Task details: Return only the tail of the data below, word for word: the line with "i' < length" and each line after it through the final one.

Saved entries
============
(* Let $\nu\in\mathcal P_s$ with $\nu(\{0\})=0$, let $t\ge a>0$ with $\nu(\{a\})=\nu(\{t\})=0$, and let $y\in\mathbb R$ with $|y|\ne a$. Then $$\int_{(-\infty,a]}\Psi\big(\tfrac xt\big)(\delta_y\vartriangle_\alpha\nu)(dx)=\tfrac12\Psi\big(\tfrac ya\big)M(a,t)+\tfrac12G(a)\Psi\big(\tfrac at\big)\mathbf 1_{\{|y|<a\}}+\tfrac12\Psi\big(\tfrac yt\big)G(t),$$ where $M(a,t)=H(a)\Psi\big(\tfrac at\big)+\big(1-\Psi\big(\tfrac at\big)\big)G(a)$.
   Context: Fix $\alpha>0$. $\mathcal P_s$ is the set of symmetric Borel probability measures on $\mathbb R$. For $x\in\mathbb R$, $\widetilde\delta_x=\frac12(\delta_x+\delta_{-x})$. For a probability measure $\lambda=\mathcal L(X)$ and $c>0$, $T_c\lambda=\mathcal L(cX)$, and $T_0\lambda=\delta_0$. $\widetilde\pi_{2\alpha}$ is the symmetric Pareto probability measure with density $\alpha|y|^{-2\alpha-1}\mathbf 1_{\{|y|\ge1\}}$. The Kendall convolution $\vartriangle_\alpha$ on $\mathcal P_s$ is defined by $\widetilde\delta_x\vartriangle_\alpha\widetilde\delta_y=T_M\big(\varrho^\alpha\widetilde\pi_{2\alpha}+(1-\varrho^\alpha)\widetilde\delta_1\big)$ where $M=\max(|x|,|y|)$, $m=\min(|x|,|y|)$, $\varrho=m/M$ (and $\varrho=0$ if $M=0$), extended by $(\nu_1\vartriangle_\alpha\nu_2)(A)=\int\int(\widetilde\delta_x\vartriangle_\alpha\widetilde\delta_y)(A)\,\nu_1(dx)\nu_2(dy)$. For $x\in\mathbb R$ and $\mu\in\mathcal P_s$ we write $\delta_x\vartriangle_\alpha\mu:=\widetilde\delta_x\vartriangle_\alpha\mu$. $\Psi(t)=(1-|t|^\alpha)_+$. For the measure $\nu$: $F(t)=\nu((-\infty,t])$, $G(t)=\int_{\mathbb R}\Psi(x/t)\,\nu(dx)$ for $t\neq0$, and for $t>0$, $H(t)=2F(t)-1-G(t)=t^{-\alpha}\int_{[-t,t]}|x|^\alpha\nu(dx)$. *)

theory Defs
  imports "HOL-Probability.Probability"
begin

definition sym_prob :: "real measure \<Rightarrow> bool" where
  "sym_prob \<nu> \<longleftrightarrow> prob_space \<nu> \<and> sets \<nu> = sets borel \<and> distr \<nu> borel uminus = \<nu>"

definition sdelta :: "real \<Rightarrow> real measure" where
  "sdelta x = measure_of UNIV (sets borel)
     (\<lambda>A. ennreal (1/2) * indicator A x + ennreal (1/2) * indicator A (- x))"

definition dil :: "real \<Rightarrow> real measure \<Rightarrow> real measure" where
  "dil c L = (if c = 0 then return borel 0 else distr L borel (\<lambda>z. c * z))"

definition spareto :: "real \<Rightarrow> real measure" where
  "spareto \<alpha> = density lborel
     (\<lambda>y. ennreal (\<alpha> * \<bar>y\<bar> powr (- 2 * \<alpha> - 1) * indicator {y. \<bar>y\<bar> \<ge> 1} y))"

definition kmix :: "real \<Rightarrow> real \<Rightarrow> real measure" where
  "kmix \<alpha> r = measure_of UNIV (sets borel)
     (\<lambda>A. ennreal (r powr \<alpha>) * emeasure (spareto \<alpha>) A
          + ennreal (1 - r powr \<alpha>) * emeasure (sdelta 1) A)"
definition strongly_reversible :: "('b multiset \<times> 'b multiset \<times> real) multiset \<Rightarrow> bool" where
  "strongly_reversible N \<longleftrightarrow> (\<exists>M. N = M + image_mset backward M)"

definition discard_trivial :: "('b multiset \<times> 'b multiset \<times> real) multiset \<Rightarrow> ('b multiset \<times> 'b multiset \<times> real) multiset" where
  "discard_trivial N = filter_mset (\<lambda>(s, p, \<kappa>). s \<noteq> p) N"

end

theory Submission
  imports Defs
begin

text \<open>Fix an enumerated partition with blocks C_0, ..., C_(k-1) and a tuple x_0, ..., x_(k-1),
  indices taken mod k. The j-th product of its reaction agrees with x_(i+j) on C_i. Hence the
  tuple z whose m-th entry is the (-m)-th product has as j-th product the sequence agreeing with
  x_(-j) on every block: the reaction of z is the backward reaction of x, with the same partition
  and rate, and x |-> z is an involution. So reversing all reactions permutes the network, and a
  multiset invariant under a fixed-point-free involution splits into pairs {r, backward r}.\<close>

lemma neg_mod_neg_mod:
  fixes k m :: nat
  assumes "m < k"
  shows "(k - (k - m) mod k) mod k = m"
  using assms by (cases "m = 0") auto

lemma add_neg_mod_add:
  fixes i j k :: nat
  assumes "i < k" "j < k"
  shows "(i + (k - (i + j) mod k) mod k) mod k = (k - j) mod k"
proof (cases "i + j < k")
  case True
  then show ?thesis using assms by (cases "i + j = 0") auto
next
  case False
  then have "(i + j) mod k = i + j - k" using assms by (simp add: le_mod_geq)
  then show ?thesis using assms False by (cases "i + j = k") (auto simp: le_mod_geq)
qed

lemma image_mset_mset_set_involution:
  assumes "\<And>x. x \<in> A \<Longrightarrow> g x \<in> A" and "\<And>x. x \<in> A \<Longrightarrow> g (g x) = x"
  shows "image_mset g (mset_set A) = mset_set A"
proof -
  have "inj_on g A" by (rule inj_onI) (metis assms(2))
  moreover have "g ` A = A" using assms by force
  ultimately show ?thesis by (simp add: image_mset_mset_set)
qed

lemma mset_map_neg_mod:
  fixes k :: nat
  shows "mset (map (\<lambda>m. f ((k - m) mod k)) [0..<k]) = mset (map f [0..<k])"
proof -
  have "mset (map (\<lambda>m. f ((k - m) mod k)) [0..<k])
      = image_mset f (image_mset (\<lambda>m. (k - m) mod k) (mset_set {0..<k}))"
    by (simp add: multiset.map_comp comp_def)
  also have "image_mset (\<lambda>m. (k - m) mod k) (mset_set {0..<k}) = mset_set {0..<k}"
    by (rule image_mset_mset_set_involution) (auto simp: neg_mod_neg_mod)
  finally show ?thesis by simp
qed

lemma mset_split_involution:
  assumes inv: "\<And>x. f (f x) = x"
    and "image_mset f D = D" and "\<And>x. x \<in># D \<Longrightarrow> f x \<noteq> x"
  shows "\<exists>M. D = M + image_mset f M"
  using assms(2,3)
proof (induction "size D" arbitrary: D rule: less_induct)
  case less
  show ?case
  proof (cases "D = {#}")
    case True
    then show ?thesis by simp
  next
    case False
    then obtain r where r: "r \<in># D" by blast
    then have "f r \<in># image_mset f D" by simp
    moreover have "f r \<noteq> r" using less.prems(2) r .
    ultimately have "f r \<in># D - {#r#}" using less.prems(1) by (simp add: in_diff_count)
    then have pair: "{#r, f r#} \<subseteq># D" using r by (simp add: insert_subset_eq_iff)
    define D' where "D' = D - {#r, f r#}"
    have D: "D = D' + {#r, f r#}" unfolding D'_def using pair by (simp only: subset_mset.diff_add)
    have "image_mset f D' = D'"
      unfolding D'_def image_mset_Diff[OF pair] less.prems(1) by (simp add: inv add_mset_commute)
    moreover have "\<And>x. x \<in># D' \<Longrightarrow> f x \<noteq> x" using less.prems(2) D by auto
    ultimately obtain M where "D' = M + image_mset f M"
      using less.hyps D by fastforce
    then have "D = add_mset r M + image_mset f (add_mset r M)" using D by simp
    then show ?thesis by blast
  qed
qed

lemma backward_backward [simp]: "backward (backward r) = r"
  by (cases r) (simp add: backward_def)

lemma strongly_reversible_discard_trivial:
  assumes "image_mset backward N = N"
  shows "strongly_reversible (discard_trivial N)"
  unfolding strongly_reversible_def
proof (rule mset_split_involution)
  let ?P = "\<lambda>(s, p, \<kappa>). s \<noteq> p"
  have P_backward: "?P (backward r) = ?P r" for r :: "'a multiset \<times> 'a multiset \<times> real"
    by (cases r) (auto simp: backward_def)
  have "image_mset backward (discard_trivial N) = filter_mset ?P (image_mset backward N)"
    unfolding discard_trivial_def image_mset_filter_mset_swap[symmetric] P_backward ..
  then show "image_mset backward (discard_trivial N) = discard_trivial N"
    unfolding assms by (simp add: discard_trivial_def)
  show "backward r \<noteq> r" if "r \<in># discard_trivial N" for r
    using that by (cases r) (auto simp: discard_trivial_def backward_def)
qed simp

lemma join_nth:
  assumes "disjoint (set Cs)" "distinct Cs" "i < length Cs" "s \<in> Cs ! i"
  shows "join Cs ys s = (ys ! i) s"
proof -
  have "disjoint_family_on ((!) Cs) {..<length Cs}"
  proof (rule disjoint_image_disjoint_family_on)
    have "(!) Cs ` {..<length Cs} = set Cs" by (auto simp: in_set_conv_nth)
    then show "disjoint ((!) Cs ` {..<length Cs})" using assms(1) by simp
    show "inj_on ((!) Cs) {..<length Cs}" using assms(2) by (simp add: inj_on_nth)
  qed
  then have "(THE i'. i' < length Cs \<and> s \<in> Cs ! i') = i"
    using assms(3,4) by (auto dest: disjoint_family_onD intro!: the_equality)
  then show ?thesis using assms(3,4) by (auto simp: join_def)
qed

lemma join_outside: "s \<notin> \<Union>(set Cs) \<Longrightarrow> join Cs ys s = undefined"
  by (auto simp: join_def)

lemma enum_partition_cover:
  assumes "enum_partition S Cs" "s \<in> S"
  obtains i where "i < length Cs" "s \<in> Cs ! i"
  using assms by (auto simp: enum_partition_def partition_on_def in_set_conv_nth)

definition recombinant :: "nat set list \<Rightarrow> (nat \<Rightarrow> 'a) list \<Rightarrow> nat \<Rightarrow> nat \<Rightarrow> 'a" where
  "recombinant Cs xs j =
     join Cs (map (\<lambda>i. proj (Cs ! i) (xs ! ((i + j) mod length Cs))) [0..<length Cs])"

lemma recomb_reaction_recombinant:
  "recomb_reaction \<rho> Cs xs =
     (mset xs, mset (map (recombinant Cs xs) [0..<length Cs]), \<rho> (set Cs) / real (length Cs))"
  by (simp add: recomb_reaction_def recombinant_def[abs_def] Let_def)

lemma recombinant_on_block:
  assumes "enum_partition S Cs" "i < length Cs" "s \<in> Cs ! i"
  shows "recombinant Cs xs j s = (xs ! ((i + j) mod length Cs)) s"
proof -
  have "disjoint (set Cs)" "distinct Cs" using assms(1) by (auto simp: enum_partition_def partition_on_def)
  then show ?thesis using assms(2,3) by (simp add: recombinant_def join_nth proj_def)
qed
============
Answer box:
  then have "(THE i'. i' < length Cs \<and> s \<in> Cs ! i') = i"
    using assms(3,4) by (auto dest: disjoint_family_onD intro!: the_equality)
  then show ?thesis using assms(3,4) by (auto simp: join_def)
qed

lemma join_outside: "s \<notin> \<Union>(set Cs) \<Longrightarrow> join Cs ys s = undefined"
  by (auto simp: join_def)

lemma enum_partition_cover:
  assumes "enum_partition S Cs" "s \<in> S"
  obtains i where "i < length Cs" "s \<in> Cs ! i"
  using assms by (auto simp: enum_partition_def partition_on_def in_set_conv_nth)

definition recombinant :: "nat set list \<Rightarrow> (nat \<Rightarrow> 'a) list \<Rightarrow> nat \<Rightarrow> nat \<Rightarrow> 'a" where
  "recombinant Cs xs j =
     join Cs (map (\<lambda>i. proj (Cs ! i) (xs ! ((i + j) mod length Cs))) [0..<length Cs])"

lemma recomb_reaction_recombinant:
  "recomb_reaction \<rho> Cs xs =
     (mset xs, mset (map (recombinant Cs xs) [0..<length Cs]), \<rho> (set Cs) / real (length Cs))"
  by (simp add: recomb_reaction_def recombinant_def[abs_def] Let_def)

lemma recombinant_on_block:
  assumes "enum_partition S Cs" "i < length Cs" "s \<in> Cs ! i"
  shows "recombinant Cs xs j s = (xs ! ((i + j) mod length Cs)) s"
proof -
  have "disjoint (set Cs)" "distinct Cs" using assms(1) by (auto simp: enum_partition_def partition_on_def)
  then show ?thesis using assms(2,3) by (simp add: recombinant_def join_nth proj_def)
qed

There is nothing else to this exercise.